Governor of Valencia
- In office 1133–1145
- Monarchs: Ali ibn Yusuf Tashfin ibn Ali

Governor of Murcia
- In office 1133–1145
- Monarchs: Ali ibn Yusuf Tashfin ibn Ali

Governor of al-Andalus
- In office 1146–1148
- Monarchs: Ibrahim ibn Tashfin Ishaq ibn Ali

Personal details
- Died: 1148 Granada
- Parent: Ali ibn Yusuf

Military service
- Allegiance: Almoravid Empire
- Rank: Military commander

= Yahya ibn Ghaniya =

Almoravid military commander

Yahya ibn Ali ibn Ghaniya (يحيى بن علي بن غانية), more commonly known as Ibn Ghaniya, was governor of Valencia and Murcia (1133–1145) and of al-Andalus (1146–1148). He was the son of Ali ibn Yusuf, the head of a family allied with the Almoravid dynasty, and of an Almoravid princess named Ghaniya. His brother was Muhammad ibn Ali ibn Ganiya, the Almoravid wali (governor) of Mallorca. He is the first known person of the Banu Ghaniya.

==Biography==
In 1133 he participated in the siege of Fraga, bringing troops from Valencia and breaking the siege.
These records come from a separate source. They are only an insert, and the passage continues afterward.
(* Let $d\ge2$, $\nu\ge2$, and let $\Gamma$ be the $\mathbb Z^d$-periodic graph with vertex set $\mathbb Z^d\cup\{v_j+m:\ j=1,\dots,\nu-1,\ m\in\mathbb Z^d\}$ and edges: the lattice edges $(m,m+a_s)$, $m\in\mathbb Z^d$, $s=1,\dots,d$ (where $a_1,\dots,a_d$ is the standard basis), and the edges $(v_j+m,\,m)$, $j=1,\dots,\nu-1$, $m\in\mathbb Z^d$; $\mathbb Z^d$ acts by translation. Thus the fundamental graph $\Gamma_*$ consists of the vertex $v_\nu$ (class of $0$) with $d$ undirected loops of indices $a_1,\dots,a_d$, plus $\nu-1$ vertices $v_1,\dots,v_{\nu-1}$ joined to $v_\nu$ by edges of index $0$ (indices w.r.t. $V_0=\{v_1,\dots,v_{\nu-1},0\}$). Put $\xi=\nu-1+2d$ and $\vartheta_\pi=(\pi,\dots,\pi)$. Then $\Gamma$ is an exact loop graph with exact quasimomentum $\vartheta_\pi$, and: (i) the spectrum of the normalized Laplacian is $\sigma(\Delta)=\sigma_{ac}(\Delta)\cup\sigma_{fb}(\Delta)$ with $\sigma_{fb}(\Delta)=\{1\}$, a degenerate band of multiplicity $\nu-2$, and $\sigma_{ac}(\Delta)=\sigma^0_1\cup\sigma^0_\nu$, $\sigma^0_1=[0,\frac{2d}{\xi}]$, $\sigma^0_\nu=[2-\frac{2d}{\xi},2]$; (ii) for every real $\mathbb Z^d$-periodic potential $Q$, the spectrum of $H=\Delta+Q$ is $\sigma(H)=\bigcup_{n=1}^\nu[\lambda_n(0),\lambda_n(\vartheta_\pi)]$; (iii) let $q_j=Q(v_j)$, $j=1,\dots,\nu$, normalized so that $q_\nu=0$; if $q_1,\dots,q_{\nu-1}$ are pairwise distinct, then $\sigma(H)=\sigma_{ac}(H)$, i.e. $H$ has no eigenvalues of infinite multiplicity; (iv) if some value $q_*$ occurs exactly $m$ times among $q_1,\dots,q_{\nu-1}$, then $\{q_*+1\}$ is a degenerate band of $H$ of multiplicity $m-1$; (v) $|\sigma(H)|=\frac{4d}{\xi}$.
   Context: Normalized Laplacian on a graph with vertex set $V$: each undirected edge gives two oriented edges (a loop too), $\mathcal A$ the set of oriented edges, $\varkappa_v$ the number of oriented edges starting at $v$, $(\Delta f)(v)=f(v)-\sum_{(v,u)\in\mathcal A}\frac{f(u)}{\sqrt{\varkappa_v\varkappa_u}}$ on $\ell^2(V)$; $H=\Delta+Q$ with $Q:V\to\mathbb R$ translation invariant. Here $\varkappa=1$ at $v_j$ ($j<\nu$) and $\varkappa=\xi$ at lattice vertices. Edge index of an oriented edge $(u,v)$: writing each vertex as $v=v_0+[v]$ with $v_0\in V_0$, $[v]\in\mathbb Z^d$, $\tau(u,v)=[v]-[u]$; bridges are edges with nonzero index. Fiber operators for $\vartheta\in\mathbb T^d=\mathbb R^d/(2\pi\mathbb Z)^d$: $(\Delta(\vartheta)f)(v)=f(v)-\sum_{\mathbf e=(v,u)\in\mathcal A_*}\frac{e^{i\langle\tau(\mathbf e),\vartheta\rangle}}{\sqrt{\varkappa_v\varkappa_u}}f(u)$ on $\ell^2(V_* )$, $\mathcal A_*=\mathcal A/\mathbb Z^d$, and $H(\vartheta)=\Delta(\vartheta)+Q$, with eigenvalues $\lambda_1(\vartheta)\le\dots\le\lambda_\nu(\vartheta)$ (for $\Delta$: $\lambda^0_n(\vartheta)$). Bands: $\sigma_n(H)=\lambda_n(\mathbb T^d)$, $\sigma^0_n=\lambda^0_n(\mathbb T^d)$; $\sigma(H)$ is their union. A band that is a single point $\{\lambda_*\}$ is degenerate (an eigenvalue of infinite multiplicity); its multiplicity is the multiplicity of $\lambda_*$ as an eigenvalue of $H(\vartheta)$ for a.e. $\vartheta$; $\sigma_{fb}$ is the set of degenerate bands, $\sigma_{ac}$ the union of nondegenerate bands. $\Gamma$ is a loop graph if every bridge of $\Gamma_*$ is a loop; it is an exact loop graph with exact quasimomentum $\vartheta_0$ if moreover $\cos\langle\tau(\mathbf e),\vartheta_0\rangle=-1$ for every bridge $\mathbf e$ of $\Gamma_*$. *)

theory Defs
  imports "HOL-Analysis.Analysis" "HOL-Computational_Algebra.Polynomial"
          "Jordan_Normal_Form.Char_Poly"
begin

text \<open>Fundamental graph \<Gamma>_* of a Z^d-periodic graph: vertices 1..N (finite set V_*),
  oriented edges given as a multiset of triples (u, v, tau) where tau :: int^'d is the
  edge index tau(u,v).  Every undirected edge (a loop too) contributes two oriented
  edges (u,v,tau) and (v,u,-tau).\<close>

type_synonym 'd oedge = "nat \<times> nat \<times> (int ^ 'd)"

definition esrc :: "'d oedge \<Rightarrow> nat" where "esrc e = fst e"
definition etgt :: "'d oedge \<Rightarrow> nat" where "etgt e = fst (snd e)"
definition eidx :: "'d oedge \<Rightarrow> int ^ 'd" where "eidx e = snd (snd e)"

definition pair_idx :: "int ^ 'd::finite \<Rightarrow> real ^ 'd \<Rightarrow> real" where
  "pair_idx \<tau> \<theta> = (\<Sum>i\<in>UNIV. of_int (\<tau> $ i) * \<theta> $ i)"

definition kappa :: "'d oedge multiset \<Rightarrow> nat \<Rightarrow> nat" where
  "kappa A v = size (filter_mset (\<lambda>e. esrc e = v) A)"

definition fiber_entry :: "'d::finite oedge multiset \<Rightarrow> (nat \<Rightarrow> real) \<Rightarrow> real ^ 'd
     \<Rightarrow> nat \<Rightarrow> nat \<Rightarrow> complex" where
  "fiber_entry A Q \<theta> u w =
     (if u = w then 1 + complex_of_real (Q u) else 0)
     - (\<Sum>e\<in>#filter_mset (\<lambda>e. esrc e = u \<and> etgt e = w) A.
            cis (pair_idx (eidx e) \<theta>))
       / complex_of_real (sqrt (real (kappa A u) * real (kappa A w)))"

text \<open>H(theta) as an N x N matrix; row/column i corresponds to vertex i+1\<close>
definition fiber_mat :: "nat \<Rightarrow> 'd::finite oedge multiset \<Rightarrow> (nat \<Rightarrow> real) \<Rightarrow> real ^ 'd
     \<Rightarrow> complex mat" where
  "fiber_mat N A Q \<theta> = mat N N (\<lambda>(i, j). fiber_entry A Q \<theta> (Suc i) (Suc j))"

text \<open>eigenvalues of H(theta) counted with multiplicity (H(theta) is Hermitian, so they are real)\<close>
definition fiber_eigs :: "nat \<Rightarrow> 'd::finite oedge multiset \<Rightarrow> (nat \<Rightarrow> real) \<Rightarrow> real ^ 'd
     \<Rightarrow> real multiset" where
  "fiber_eigs N A Q \<theta> = image_mset Re (proots (char_poly (fiber_mat N A Q \<theta>)))"

definition lam :: "nat \<Rightarrow> 'd::finite oedge multiset \<Rightarrow> (nat \<Rightarrow> real) \<Rightarrow> real ^ 'd
     \<Rightarrow> nat \<Rightarrow> real" where
  "lam N A Q \<theta> n = sorted_list_of_multiset (fiber_eigs N A Q \<theta>) ! (n - 1)"

text \<open>band sigma_n(H) = lambda_n(T^d) (theta ranges over R^d, all functions are 2pi-periodic)\<close>
definition band :: "nat \<Rightarrow> 'd::finite oedge multiset \<Rightarrow> (nat \<Rightarrow> real) \<Rightarrow> nat \<Rightarrow> real set" where
  "band N A Q n = (\<lambda>\<theta>. lam N A Q \<theta> n) ` UNIV"

definition spec :: "nat \<Rightarrow> 'd::finite oedge multiset \<Rightarrow> (nat \<Rightarrow> real) \<Rightarrow> real set" where
  "spec N A Q = (\<Union>n\<in>{1..N}. band N A Q n)"

definition degenerate_band :: "nat \<Rightarrow> 'd::finite oedge multiset \<Rightarrow> (nat \<Rightarrow> real) \<Rightarrow> nat \<Rightarrow> bool" where
  "degenerate_band N A Q n \<longleftrightarrow> (\<exists>c. band N A Q n = {c})"

definition spec_fb :: "nat \<Rightarrow> 'd::finite oedge multiset \<Rightarrow> (nat \<Rightarrow> real) \<Rightarrow> real set" where
  "spec_fb N A Q = {c. \<exists>n\<in>{1..N}. band N A Q n = {c}}"

definition spec_ac :: "nat \<Rightarrow> 'd::finite oedge multiset \<Rightarrow> (nat \<Rightarrow> real) \<Rightarrow> real set" where
  "spec_ac N A Q = (\<Union>n\<in>{n\<in>{1..N}. \<not> degenerate_band N A Q n}. band N A Q n)"

definition fb_multiplicity :: "nat \<Rightarrow> 'd::finite oedge multiset \<Rightarrow> (nat \<Rightarrow> real) \<Rightarrow> real
     \<Rightarrow> nat \<Rightarrow> bool" where
  "fb_multiplicity N A Q c m \<longleftrightarrow> (AE \<theta> in lborel. count (fiber_eigs N A Q \<theta>) c = m)"

definition bridge :: "'d::finite oedge \<Rightarrow> bool" where
  "bridge e \<longleftrightarrow> eidx e \<noteq> 0"

definition loop_graph :: "'d::finite oedge multiset \<Rightarrow> bool" where
  "loop_graph A \<longleftrightarrow> (\<forall>e\<in>#A. bridge e \<longrightarrow> esrc e = etgt e)"

definition exact_loop_graph :: "'d::finite oedge multiset \<Rightarrow> real ^ 'd \<Rightarrow> bool" where
  "exact_loop_graph A \<theta>0 \<longleftrightarrow> loop_graph A \<and>
      (\<forall>e\<in>#A. bridge e \<longrightarrow> cos (pair_idx (eidx e) \<theta>0) = -1)"

text \<open>The specific graph: vertices v_1..v_{nu-1} (pendant, index 0 edges to v_nu) and
  v_nu (class of 0 in Z^d) carrying d undirected loops of indices a_1..a_d.\<close>
definition Gam :: "nat \<Rightarrow> ('d::finite) oedge multiset" where
  "Gam \<nu> =
     image_mset (\<lambda>j. (j, \<nu>, 0)) (mset_set {1..<\<nu>})
   + image_mset (\<lambda>j. (\<nu>, j, 0)) (mset_set {1..<\<nu>})
   + image_mset (\<lambda>s. (\<nu>, \<nu>, axis s 1)) (mset_set (UNIV :: 'd set))
   + image_mset (\<lambda>s. (\<nu>, \<nu>, - axis s 1)) (mset_set (UNIV :: 'd set))"

definition theta_pi :: "real ^ 'd::finite" where
  "theta_pi = (\<chi> i. pi)"

end

theory Submission
  imports Defs "HOL-Real_Asymp.Real_Asymp"
begin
It seems that he had a single combat with the Aragonese king Alfonso the Battler, whom he mortally wounded. When the Taifa revolts against the Almoravids broke out, Yahya ibn Ali ibn Ghaniya commanded the Almoravid troops and faced the revolt but ended up fleeing to Almería. In 1146 he unsuccessfully defended Córdoba against Alfonso VII of León and Castile, of whom he eventually declared himself a vassal. After the Almohad landing on Cádiz in 1146, he was one of the last defenders of the Almoravids and he died in Granada in 1148.